Frisch, S., Dukart, J., Vogt, B., Horstmann, A., Becker, G., Villringer, A., et al. (2013). Dissociating memory networks in early Alzheimer’s disease and frontotemporal lobar degeneration: A combined study of hypometabolism and atrophy. PLoS One, 8(2): e55251. doi:10.1371/journal.pone.0055251.


Cite as: http://hdl.handle.net/11858/00-001M-0000-000E-CA47-7
Abstract
Introduction We aimed at dissociating the neural correlates of memory disorders in Alzheimer’s disease (AD) and frontotemporal lobar degeneration (FTLD). Methods We included patients with AD (n=19, 11 female, mean age 61 years) and FTLD (n=11, 5 female, mean age 61 years) in early stages of their diseases. Memory performance was assessed by means of verbal and visual memory subtests from the Wechsler Memory Scale (WMS-R), including forgetting rates. Brain glucose utilization was measured by [18F]fluorodeoxyglucose positron emission tomography (FDG-PET) and brain atrophy by voxel-based morphometry (VBM) of T1-weighted magnetic resonance imaging (MRI) scans.
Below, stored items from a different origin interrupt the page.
lemma associated_toeplitz_exists:
  fixes A :: "real^'n::finite^'n"
  assumes A: "associated_matrix a A" and card: "2 \<le> CARD('n)"
  shows "\<exists>\<alpha> \<beta>. associated_matrix a (toeplitz_special \<alpha> \<beta> :: real^'n^'n)"
proof -
  obtain i\<^sub>0 j\<^sub>0 :: 'n where i\<^sub>0j\<^sub>0: "i\<^sub>0 \<noteq> j\<^sub>0"
    using obtain_distinct_pair[OF card] by blast
  obtain \<beta> where square: "\<And>i j. i \<noteq> j \<Longrightarrow> (A$i$j)\<^sup>2 = \<beta>\<^sup>2"
    and triangle: "\<And>i j k. distinct [i, j, k] \<Longrightarrow> A$i$j * A$j$k * A$k$i = \<beta>^3"
  proof (cases "\<exists>k. distinct [i\<^sub>0, j\<^sub>0, k]")
    case True
    then obtain k where k: "distinct [i\<^sub>0, j\<^sub>0, k]" ..
    define c where "c = A$i\<^sub>0$j\<^sub>0 * A$j\<^sub>0$k * A$k$i\<^sub>0"
    define \<beta> where "\<beta> = root 3 c"
    have cube: "\<beta>^3 = c" by (simp add: \<beta>_def odd_real_root_pow)
    have "(\<beta>\<^sup>2)^3 = ((A$i\<^sub>0$j\<^sub>0)\<^sup>2)^3"
    proof -
      have "(\<beta>\<^sup>2)^3 = c\<^sup>2" by (simp flip: cube power_mult add: mult.commute)
      also have "\<dots> = (A$i\<^sub>0$j\<^sub>0)\<^sup>2 * (A$j\<^sub>0$k)\<^sup>2 * (A$k$i\<^sub>0)\<^sup>2"
        by (simp add: c_def power_mult_distrib)
      also have "\<dots> = ((A$i\<^sub>0$j\<^sub>0)\<^sup>2)^3"
      proof -
        have "j\<^sub>0 \<noteq> k" "k \<noteq> i\<^sub>0" using k by auto
        then show ?thesis
          using associated_matrix_offdiag_square_eq[OF A _ i\<^sub>0j\<^sub>0, of j\<^sub>0 k]
            associated_matrix_offdiag_square_eq[OF A _ i\<^sub>0j\<^sub>0, of k i\<^sub>0]
          by (simp add: power3_eq_cube)
      qed
      finally show ?thesis .
    qed
    then have square: "\<beta>\<^sup>2 = (A$i\<^sub>0$j\<^sub>0)\<^sup>2" by (subst (asm) power_eq_iff_eq_base) simp_all
    show ?thesis
    proof (rule that)
      show "(A$i$j)\<^sup>2 = \<beta>\<^sup>2" if "i \<noteq> j" for i j
        using associated_matrix_offdiag_square_eq[OF A that i\<^sub>0j\<^sub>0] square by simp
      show "A$i$j * A$j$k * A$k$i = \<beta>^3" if "distinct [i, j, k]" for i j k
        using associated_matrix_triangle_eq[OF A that k] cube c_def by simp
    qed
  next
    case False
    then have two: "x = i\<^sub>0 \<or> x = j\<^sub>0" for x using i\<^sub>0j\<^sub>0 by auto
    show ?thesis
    proof (rule that)
      show "(A$i$j)\<^sup>2 = (A$i\<^sub>0$j\<^sub>0)\<^sup>2" if "i \<noteq> j" for i j
        using associated_matrix_offdiag_square_eq[OF A that i\<^sub>0j\<^sub>0] .
      show "A$i$j * A$j$k * A$k$i = (A$i\<^sub>0$j\<^sub>0)^3" if "distinct [i, j, k]" for i j k
        using that two[of i] two[of j] two[of k] by auto
    qed
  qed
  obtain t where t: "\<And>i. t i * t i = 1"
    and "(\<chi> i j. t i * t j * A$i$j) = toeplitz_special (A$i\<^sub>0$i\<^sub>0) \<beta>"
    using toeplitz_sign_conj_exists[OF associated_matrix_symmetric[OF A]
        associated_matrix_diag_eq[OF A] square triangle] by blast
  then have "associated_matrix a (toeplitz_special (A$i\<^sub>0$i\<^sub>0) \<beta> :: real^'n^'n)"
    using associated_matrix_sign_conj[of a A t, OF A t] by simp
  then show ?thesis by blast
qed

lemma principal_minor_toeplitz_pair:
  assumes "i \<noteq> j"
  shows "principal_minor (toeplitz_special \<alpha> \<beta> :: real^'n::finite^'n) {i, j} = \<alpha>\<^sup>2 - \<beta>\<^sup>2"
  using assms by (simp add: principal_minor_pair power2_eq_square)

lemma principal_minor_toeplitz_triple:
  assumes "distinct [i, j, k]"
  shows "principal_minor (toeplitz_special \<alpha> \<beta> :: real^'n::finite^'n) {i, j, k} =
    \<alpha>^3 - 3 * \<alpha> * \<beta>\<^sup>2 + 2 * \<beta>^3"
  using assms by (auto simp: principal_minor_triple power2_eq_square power3_eq_cube algebra_simps)

lemma associated_toeplitz_unique:
  fixes \<alpha> \<beta> \<alpha>' \<beta>' :: real
  assumes T: "associated_matrix a (toeplitz_special \<alpha> \<beta> :: real^'n::finite^'n)"
    and T': "associated_matrix a (toeplitz_special \<alpha>' \<beta>' :: real^'n^'n)"
  shows "\<alpha>' = \<alpha>" and "2 \<le> CARD('n) \<Longrightarrow> \<beta>'\<^sup>2 = \<beta>\<^sup>2" and "3 \<le> CARD('n) \<Longrightarrow> \<beta>' = \<beta>"
proof -
  have minor: "principal_minor (toeplitz_special \<alpha>' \<beta>' :: real^'n^'n) S =
      principal_minor (toeplitz_special \<alpha> \<beta> :: real^'n^'n) S" for S
    using associated_matrix_principal_minor_eq[OF T' T] .
  show \<alpha>: "\<alpha>' = \<alpha>"
    using minor[of "{undefined}"] by (simp add: principal_minor_singleton)
  show \<beta>_square: "\<beta>'\<^sup>2 = \<beta>\<^sup>2" if card: "2 \<le> CARD('n)"
  proof -
    obtain i j :: 'n where "i \<noteq> j" using obtain_distinct_pair[OF card] by blast
    then show ?thesis
      using minor[of "{i, j}"] \<alpha> by (simp add: principal_minor_toeplitz_pair)
  qed
  show "\<beta>' = \<beta>" if card: "3 \<le> CARD('n)"
  proof -
    obtain i j k :: 'n where "distinct [i, j, k]" using obtain_distinct_triple[OF card] by blast
    then have "\<beta>'^3 = \<beta>^3"
      using minor[of "{i, j, k}"] \<alpha> \<beta>_square card by (simp add: principal_minor_toeplitz_triple)
    then show ?thesis
      using odd_real_root_power_cancel[of 3 \<beta>] odd_real_root_power_cancel[of 3 \<beta>'] by simp
  qed
qed

lemma associated_toeplitz_neg:
  assumes card: "CARD('n::finite) = 2"
    and T: "associated_matrix a (toeplitz_special \<alpha> \<beta> :: real^'n^'n)"
  shows "associated_matrix a (toeplitz_special \<alpha> (- \<beta>) :: real^'n^'n)"
proof -
  obtain i\<^sub>0 j\<^sub>0 :: 'n where UNIV: "UNIV = {i\<^sub>0, j\<^sub>0}" and "i\<^sub>0 \<noteq> j\<^sub>0"
    using card by (auto simp: card_2_iff)
  define t where "t i = (if i = i\<^sub>0 then 1 else - 1 :: real)" for i
  have t: "t i * t i = 1" for i by (simp add: t_def)
  have "(\<chi> i j. t i * t j * (toeplitz_special \<alpha> \<beta> :: real^'n^'n)$i$j) =
      toeplitz_special \<alpha> (- \<beta>)"
  proof -
    have "i \<in> {i\<^sub>0, j\<^sub>0}" "j \<in> {i\<^sub>0, j\<^sub>0}" for i j :: 'n using UNIV by auto
    then show ?thesis using \<open>i\<^sub>0 \<noteq> j\<^sub>0\<close> by (auto simp: vec_eq_iff t_def)
  qed
  then show ?thesis using associated_matrix_sign_conj[of a _ t, OF T t] by simp
qed

lemma associated_toeplitz_card_2_iff:
  assumes card: "CARD('n::finite) = 2"
    and T: "associated_matrix a (toeplitz_special \<alpha> \<beta> :: real^'n^'n)"
  shows "associated_matrix a (toeplitz_special \<alpha>' \<beta>' :: real^'n^'n)
    \<longleftrightarrow> \<alpha>' = \<alpha> \<and> (\<beta>' = \<beta> \<or> \<beta>' = - \<beta>)"
proof
  assume T': "associated_matrix a (toeplitz_special \<alpha>' \<beta>' :: real^'n^'n)"
  show "\<alpha>' = \<alpha> \<and> (\<beta>' = \<beta> \<or> \<beta>' = - \<beta>)"
    using associated_toeplitz_unique(1,2)[OF T T'] card by (simp add: power2_eq_iff)
next
  assume "\<alpha>' = \<alpha> \<and> (\<beta>' = \<beta> \<or> \<beta>' = - \<beta>)"
  then show "associated_matrix a (toeplitz_special \<alpha>' \<beta>' :: real^'n^'n)"
    using T associated_toeplitz_neg[OF card T] by auto
qed

theorem proposition3p2:
  fixes a :: "nat \<Rightarrow> real"
  assumes "CARD('n::finite) \<ge> 2"
    and "in_UN TYPE('n) a"
  shows "(\<exists>\<alpha> \<beta>. associated_matrix a (toeplitz_special \<alpha> \<beta> :: real^'n^'n))
     \<and> (\<forall>\<alpha> \<beta> \<alpha>' \<beta>'. associated_matrix a (toeplitz_special \<alpha> \<beta> :: real^'n^'n)
           \<and> associated_matrix a (toeplitz_special \<alpha>' \<beta>' :: real^'n^'n) \<longrightarrow> \<alpha>' = \<alpha>)
     \<and> (CARD('n) = 2 \<longrightarrow> (\<forall>\<alpha> \<beta>. associated_matrix a (toeplitz_special \<alpha> \<beta> :: real^'n^'n) \<longrightarrow>
           (\<forall>\<alpha>' \<beta>'. associated_matrix a (toeplitz_special \<alpha>' \<beta>' :: real^'n^'n)
               \<longleftrightarrow> \<alpha>' = \<alpha> \<and> (\<beta>' = \<beta> \<or> \<beta>' = - \<beta>))))
     \<and> (CARD('n) \<ge> 3 \<longrightarrow> (\<forall>\<alpha> \<beta> \<alpha>' \<beta>'. associated_matrix a (toeplitz_special \<alpha> \<beta> :: real^'n^'n)
           \<and> associated_matrix a (toeplitz_special \<alpha>' \<beta>' :: real^'n^'n) \<longrightarrow> \<beta>' = \<beta>))"
proof -
  obtain A :: "real^'n^'n" where "associated_matrix a A"
    using assms(2) unfolding in_UN_def by blast
  then have "\<exists>\<alpha> \<beta>. associated_matrix a (toeplitz_special \<alpha> \<beta> :: real^'n^'n)"
    using associated_toeplitz_exists assms(1) by blast
  then show ?thesis
    using associated_toeplitz_unique(1,3) associated_toeplitz_card_2_iff[where 'n = 'n]
    by (intro conjI allI impI) auto
qed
Using a whole brain approach, correlations between test performance and imaging data were computed separately in each dementia group, including a group of control subjects (n=13, 6 female, mean age 54 years) in both analyses. The three groups did not differ with respect to education and gender. Results Patients in both dementia groups generally performed worse than controls, but AD and FTLD patients did not differ from each other in any of the test parameters. However, memory performance was associated with different brain regions in the patient groups, with respect to both hypometabolism and atrophy: Whereas in AD patients test performance was mainly correlated with changes in the parieto-mesial cortex, performance in FTLD patients was correlated with changes in frontal cortical as well as subcortical regions. There were practically no overlapping regions associated with memory disorders in AD and FTLD as revealed by a conjunction analysis. Conclusion Memory test performance may not distinguish between both dementia syndromes. In clinical practice, this may lead to misdiagnosis of FTLD patients with poor memory performance. Nevertheless, memory problems are associated with almost completely different neural correlates in both dementia syndromes. Obviously, memory functions are carried out by distributed networks which break down in brain degeneration.